The spectrum of guanidinium-induced destabilizing conditions at a fixed pH suggests that fibril formation is a conformation-dependent process, with some limited degree of unfolding and destabilization required without complete denaturation to a random coil state in order to expose the critical interaction domains required for oligomerization. SOD1 variants with higher stability were able to form fibrils over a broad range of fibrillization conditions but with a predictable trend whereby denaturing activity was inversely proportional to lag time for fibril formation, This was consistent with the work of Oztug-Durer and colleagues [41] who showed the lag time for fibril formation was shortened with increasing GdnHCl concentration.

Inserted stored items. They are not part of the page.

(* Let $\nu$ and $\nu'$ be discrete distributions supported on a total of $\ell$ atoms in $[-1,1]$. If $|m_i(\nu)-m_i(\nu')|\le\delta$ for $i=1,\dots,\ell-1$, then \[W_1(\nu,\nu')\le O\big(\ell\delta^{\frac{1}{\ell-1}}\big).\]
   Context: $m_i(\pi)=\mathbb{E}_\pi X^i$; "supported on a total of $\ell$ atoms" means the union of the supports has $\ell$ points. $W_1$ is the 1-Wasserstein distance on $\mathbb{R}$; $O(\cdot)$ hides an absolute constant. *)

theory Defs
  imports "HOL-Probability.Probability"
begin

definition moment :: "nat \<Rightarrow> real pmf \<Rightarrow> real" where
  "moment i p = measure_pmf.expectation p (\<lambda>x. x ^ i)"

definition W1 :: "real pmf \<Rightarrow> real pmf \<Rightarrow> real" where
  "W1 p q = Inf {measure_pmf.expectation r (\<lambda>(x, y). \<bar>x - y\<bar>) | r.
                   map_pmf fst r = p \<and> map_pmf snd r = q}"

end

theory Submission
  imports Defs "HOL-Computational_Algebra.Polynomial"
begin

text \<open>
  Order the union of the supports as \<open>x\<^sub>0 < \<dots> < x\<^bsub>l-1\<^esub>\<close> and let \<open>F\<^sub>k\<close> and \<open>F'\<^sub>k\<close> be the
  masses that the two distributions put on the first \<open>k\<close> atoms. The quantile coupling moves
  mass across the gap between \<open>x\<^sub>k\<close> and \<open>x\<^bsub>k+1\<^esub>\<close> only as much as it has to, so \<open>W\<^sub>1\<close> is at
  most the sum over \<open>k\<close> of \<open>\<bar>F\<^bsub>k+1\<^esub> - F'\<^bsub>k+1\<^esub>\<bar> (x\<^bsub>k+1\<^esub> - x\<^sub>k)\<close>.

  For fixed \<open>k\<close>, \<open>F\<^bsub>k+1\<^esub> - F'\<^bsub>k+1\<^esub>\<close> is the difference of the expectations of the polynomial
  \<open>P\<close> of degree \<open>l - 1\<close> that is \<open>1\<close> on \<open>x\<^sub>0, \<dots>, x\<^sub>k\<close> and \<open>0\<close> on the other atoms, hence at most
  \<open>\<delta>\<close> times the sum of the absolute values of the non-constant coefficients of \<open>P\<close>. By Rolle's
  theorem \<open>P'\<close> vanishes between any two consecutive atoms except \<open>x\<^sub>k, x\<^bsub>k+1\<^esub>\<close>, so
  \<open>P' = \<alpha> \<Prod>\<^sub>j (X - y\<^sub>j)\<close> with \<open>\<bar>y\<^sub>j\<bar> \<le> 1\<close> and no \<open>y\<^sub>j\<close> in the gap, of length \<open>g\<close> say.
  Across the gap \<open>P\<close> decreases from \<open>1\<close> to \<open>0\<close>, and on its middle half
  \<open>\<bar>P'\<bar> \<ge> \<bar>\<alpha>\<bar> (g/4)\<^bsup>l-2\<^esup>\<close>; hence \<open>\<bar>\<alpha>\<bar> g\<^bsup>l-1\<^esup> \<le> 2 \<cdot> 4\<^bsup>l-2\<^esup>\<close> and the coefficients of \<open>P\<close>
  sum to at most \<open>2 \<cdot> 8\<^bsup>l-2\<^esup> / g\<^bsup>l-1\<^esup>\<close>. Together with \<open>\<bar>F\<^bsub>k+1\<^esub> - F'\<^bsub>k+1\<^esub>\<bar> \<le> 1\<close> this bounds
  every term of the sum by \<open>8 \<delta>\<^bsup>1/(l-1)\<^esup>\<close>.
\<close>

section \<open>The quantile coupling\<close>

definition interval_overlap :: "real \<Rightarrow> real \<Rightarrow> real \<Rightarrow> real \<Rightarrow> real" where
  "interval_overlap a b c d = max 0 (min b d - max a c)"

lemma interval_overlap_commute: "interval_overlap a b c d = interval_overlap c d a b"
  unfolding interval_overlap_def by (simp add: min.commute max.commute)

lemma interval_overlap_eq_clamp_diff:
  assumes "a \<le> b" "c \<le> d"
  shows "interval_overlap a b c d = max a (min b d) - max a (min b c)"
  using assms unfolding interval_overlap_def by (simp add: max_def min_def)

lemma interval_overlap_subinterval:
  assumes "c \<le> a" "a \<le> b" "b \<le> d"
  shows "interval_overlap a b c d = b - a"
  using assms unfolding interval_overlap_def by simp

lemma sum_interval_overlap:
  assumes "mono G" "a \<le> b" "m \<le> n"
  shows "(\<Sum>j\<in>{m..<n}. interval_overlap a b (G j) (G (Suc j))) = interval_overlap a b (G m) (G n)"
proof -
  let ?clamp = "\<lambda>t. max a (min b t)"
  have "(\<Sum>j\<in>{m..<n}. interval_overlap a b (G j) (G (Suc j)))
      = (\<Sum>j\<in>{m..<n}. ?clamp (G (Suc j)) - ?clamp (G j))"
    using assms by (intro sum.cong refl interval_overlap_eq_clamp_diff) (auto simp: monoD)
  also have "\<dots> = ?clamp (G n) - ?clamp (G m)"
    using \<open>m \<le> n\<close> by (rule sum_Suc_diff')
  also have "\<dots> = interval_overlap a b (G m) (G n)"
    using assms by (simp add: interval_overlap_eq_clamp_diff monoD)
  finally show ?thesis .
qed
(* Let $(V,c)$ be a network and $\Omega\subset V$ a finite subset of size $n$. Let $(\lambda_i,u_i)_{i=1}^n$ be a Dirichlet system for $\Omega$. Let $\mathcal H$ be a real Hilbert space and $\alpha:V\to\mathcal H$. Then for any $k<n$, $$\sum_{i=1}^k(\lambda_{k+1}-\lambda_i)^2\Big(\langle\Gamma(\alpha),u_i^2\rangle-\Lambda(\alpha,u_i)\Big)\le\sum_{i=1}^k(\lambda_{k+1}-\lambda_i)\,\big\|u_i\cdot\Delta\alpha-2\Gamma(\alpha,u_i)\big\|^2.$$
   Context: A network is a pair $(V,c)$ with $V$ countable and $c:V\times V\to[0,\infty)$ symmetric with $\pi(x):=\sum_y c(x,y)<\infty$. Set $P(x,y)=c(x,y)/\pi(x)$ and, for functions $f$ (real- or $\mathcal H$-valued), $\Delta f(x)=\sum_yP(x,y)(f(x)-f(y))$. For real $u$, $\langle f,g\rangle=\sum_x\pi(x)f(x)g(x)$. For $\alpha:V\to\mathcal H$ and real $u:V\to\mathbb R$ define: $2\Gamma(\alpha,u)(x)=\sum_yP(x,y)(u(x)-u(y))(\alpha(x)-\alpha(y))\in\mathcal H$; $2\Gamma(\alpha)(x)=\sum_yP(x,y)\|\alpha(x)-\alpha(y)\|_{\mathcal H}^2$; $\langle\Gamma(\alpha),u^2\rangle=\sum_x\pi(x)\Gamma(\alpha)(x)u(x)^2$; for $\beta:V\to\mathcal H$, $\|\beta\|^2=\sum_x\pi(x)\|\beta(x)\|_{\mathcal H}^2$; and $\Lambda(\alpha,u)=\frac14\sum_{x,y}c(x,y)|u(x)-u(y)|^2\|\alpha(x)-\alpha(y)\|_{\mathcal H}^2$. For finite $\Omega\subset V$ with $|\Omega|=n$, let $\Delta_\Omega f=\mathbf 1_\Omega\cdot\Delta f$ be the Dirichlet Laplacian on the space of functions vanishing outside $\Omega$. A Dirichlet system for $\Omega$ is $(\lambda_i,u_i)_{i=1}^n$ with $\lambda_1\le\cdots\le\lambda_n$ the eigenvalues of $\Delta_\Omega$, $u_i$ real-valued, vanishing outside $\Omega$, $\Delta_\Omega u_i=\lambda_iu_i$, and $\langle u_i,u_j\rangle=\mathbf 1_{i=j}$. *)

theory Defs
  imports "HOL-Analysis.Analysis"
begin

definition network :: "('v::countable \<Rightarrow> 'v \<Rightarrow> real) \<Rightarrow> bool" where
  "network c \<longleftrightarrow> (\<forall>x y. 0 \<le> c x y) \<and> (\<forall>x y. c x y = c y x) \<and>
     (\<forall>x. (\<lambda>y. c x y) summable_on UNIV)"

definition npi :: "('v \<Rightarrow> 'v \<Rightarrow> real) \<Rightarrow> 'v \<Rightarrow> real" where
  "npi c x = (\<Sum>\<^sub>\<infinity>y. c x y)"

definition trans_prob :: "('v \<Rightarrow> 'v \<Rightarrow> real) \<Rightarrow> 'v \<Rightarrow> 'v \<Rightarrow> real" where
  "trans_prob c x y = c x y / npi c x"

definition lap :: "('v \<Rightarrow> 'v \<Rightarrow> real) \<Rightarrow> ('v \<Rightarrow> 'h::real_normed_vector) \<Rightarrow> 'v \<Rightarrow> 'h" where
  "lap c f x = (\<Sum>\<^sub>\<infinity>y. trans_prob c x y *\<^sub>R (f x - f y))"

definition nip :: "('v \<Rightarrow> 'v \<Rightarrow> real) \<Rightarrow> ('v \<Rightarrow> real) \<Rightarrow> ('v \<Rightarrow> real) \<Rightarrow> real" where
  "nip c f g = (\<Sum>\<^sub>\<infinity>x. npi c x * f x * g x)"

definition Gamma2 :: "('v \<Rightarrow> 'v \<Rightarrow> real) \<Rightarrow> ('v \<Rightarrow> 'h::real_normed_vector) \<Rightarrow> ('v \<Rightarrow> real) \<Rightarrow> 'v \<Rightarrow> 'h" where
  "Gamma2 c \<alpha> u x = (1/2) *\<^sub>R (\<Sum>\<^sub>\<infinity>y. trans_prob c x y *\<^sub>R ((u x - u y) *\<^sub>R (\<alpha> x - \<alpha> y)))"

definition Gamma1 :: "('v \<Rightarrow> 'v \<Rightarrow> real) \<Rightarrow> ('v \<Rightarrow> 'h::real_normed_vector) \<Rightarrow> 'v \<Rightarrow> real" where
  "Gamma1 c \<alpha> x = (1/2) * (\<Sum>\<^sub>\<infinity>y. trans_prob c x y * (norm (\<alpha> x - \<alpha> y))\<^sup>2)"

definition Gamma_u2 :: "('v \<Rightarrow> 'v \<Rightarrow> real) \<Rightarrow> ('v \<Rightarrow> 'h::real_normed_vector) \<Rightarrow> ('v \<Rightarrow> real) \<Rightarrow> real" where
  "Gamma_u2 c \<alpha> u = (\<Sum>\<^sub>\<infinity>x. npi c x * Gamma1 c \<alpha> x * (u x)\<^sup>2)"

definition nnormsq :: "('v \<Rightarrow> 'v \<Rightarrow> real) \<Rightarrow> ('v \<Rightarrow> 'h::real_normed_vector) \<Rightarrow> real" where
  "nnormsq c \<beta> = (\<Sum>\<^sub>\<infinity>x. npi c x * (norm (\<beta> x))\<^sup>2)"

definition Lambda :: "('v \<Rightarrow> 'v \<Rightarrow> real) \<Rightarrow> ('v \<Rightarrow> 'h::real_normed_vector) \<Rightarrow> ('v \<Rightarrow> real) \<Rightarrow> real" where
  "Lambda c \<alpha> u = (1/4) * (\<Sum>\<^sub>\<infinity>(x,y). c x y * \<bar>u x - u y\<bar>\<^sup>2 * (norm (\<alpha> x - \<alpha> y))\<^sup>2)"

definition dirichlet_system ::
  "('v \<Rightarrow> 'v \<Rightarrow> real) \<Rightarrow> 'v set \<Rightarrow> nat \<Rightarrow> (nat \<Rightarrow> real) \<Rightarrow> (nat \<Rightarrow> 'v \<Rightarrow> real) \<Rightarrow> bool" where
  "dirichlet_system c \<Omega> n lam u \<longleftrightarrow>
     finite \<Omega> \<and> card \<Omega> = n \<and>
     (\<forall>i j. 1 \<le> i \<longrightarrow> i \<le> j \<longrightarrow> j \<le> n \<longrightarrow> lam i \<le> lam j) \<and>
     (\<forall>i\<in>{1..n}. \<forall>x. x \<notin> \<Omega> \<longrightarrow> u i x = 0) \<and>
     (\<forall>i\<in>{1..n}. \<forall>x. (if x \<in> \<Omega> then lap c (u i) x else 0) = lam i * u i x) \<and>
     (\<forall>i\<in>{1..n}. \<forall>j\<in>{1..n}. nip c (u i) (u j) = (if i = j then 1 else 0))"

end

theory Submission
  imports Defs "Jordan_Normal_Form.Determinant"
begin

text \<open>Write \<open>a\<^sub>i\<^sub>j = \<langle>u\<^sub>i \<alpha>, u\<^sub>j\<rangle> \<in> H\<close> for the Fourier coefficients of \<open>u\<^sub>i \<alpha>\<close> and
  \<open>B\<^sub>i = \<Delta>(u\<^sub>i \<alpha>) - \<alpha> \<Delta>u\<^sub>i\<close>. Pointwise \<open>u\<^sub>i \<Delta>\<alpha> - 2\<Gamma>(\<alpha>,u\<^sub>i) = B\<^sub>i\<close>; the \<open>u\<^sub>j\<close>-coefficient of \<open>B\<^sub>i\<close>
  is \<open>(\<lambda>\<^sub>j - \<lambda>\<^sub>i) a\<^sub>i\<^sub>j\<close>, and \<open>\<langle>B\<^sub>i, u\<^sub>i \<alpha>\<rangle> = \<langle>\<Gamma>(\<alpha>),u\<^sub>i\<^sup>2\<rangle> - \<Lambda>(\<alpha>,u\<^sub>i)\<close>. As the \<open>u\<^sub>j\<close> form an
  orthonormal basis of the functions on \<open>\<Omega>\<close>, Parseval gives
  \<open>\<langle>\<Gamma>(\<alpha>),u\<^sub>i\<^sup>2\<rangle> - \<Lambda>(\<alpha>,u\<^sub>i) = \<Sum>\<^sub>j (\<lambda>\<^sub>j - \<lambda>\<^sub>i) |a\<^sub>i\<^sub>j|\<^sup>2\<close> and
  \<open>\<parallel>u\<^sub>i \<Delta>\<alpha> - 2\<Gamma>(\<alpha>,u\<^sub>i)\<parallel>\<^sup>2 \<ge> \<Sum>\<^sub>j (\<lambda>\<^sub>j - \<lambda>\<^sub>i)\<^sup>2 |a\<^sub>i\<^sub>j|\<^sup>2\<close>.
  The inequality then follows from \<open>a\<^sub>i\<^sub>j = a\<^sub>j\<^sub>i\<close> by the usual Yang-type algebra: after
  weighting with \<open>\<lambda>\<^bsub>k+1\<^esub> - \<lambda>\<^sub>i\<close>, the terms with \<open>i, j \<le> k\<close> cancel in pairs and those with
  \<open>j > k\<close> are nonnegative.\<close>

lemma abs_summable_on_small_tails:
  fixes f :: "'a \<Rightarrow> 'b::real_normed_vector"
  assumes "f abs_summable_on A" and "e > 0"
  obtains F0 where "finite F0" "F0 \<subseteq> A"
    and "\<And>F. finite F \<Longrightarrow> F \<subseteq> A \<Longrightarrow> (\<Sum>x\<in>F - F0. norm (f x)) \<le> e"
proof -
  obtain F0 where F0: "finite F0" "F0 \<subseteq> A"
    and close: "dist (\<Sum>x\<in>F0. norm (f x)) (\<Sum>\<^sub>\<infinity>x\<in>A. norm (f x)) \<le> e"
    using infsum_finite_approximation[OF assms] by blast
  have "(\<Sum>x\<in>F - F0. norm (f x)) \<le> e" if "finite F" "F \<subseteq> A" for F
  proof -
    have "(\<Sum>x\<in>F0. norm (f x)) + (\<Sum>x\<in>F - F0. norm (f x)) = (\<Sum>x\<in>F0 \<union> F. norm (f x))"
      using F0 that by (subst sum.union_disjoint[symmetric]) (auto intro: sum.cong)
    also have "\<dots> \<le> (\<Sum>\<^sub>\<infinity>x\<in>A. norm (f x))"
      using F0 that by (intro finite_sum_le_infsum assms) auto
    finally show ?thesis
      using close by (simp add: dist_real_def)
  qed
  with F0 show ?thesis
    by (rule that)
qed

This could also explain why G85R, which is markedly destabilised compared to the wildtype protein (Figure S1, Spectroscopic characterisation by far and near UV circular dichroism), failed to form fibrils at pH4, 0.5M GdnHCl, in the presence of any denaturant. It is likely that in the presence of GdnHCl, G85R may undergo excessive unfolding, thus losing the capacity to adopt the correct misfolded conformation needed for oligomerization. Even at pH5.0, G85R is already significantly destabilised which reduces the likelihood of G85R favourably adopting or misfolding to the correct propagating conformation, thus, rendering G85R less responsive, in comparison to other more stable SOD1 variants, to the presence of a template in promoting fibrillar growth.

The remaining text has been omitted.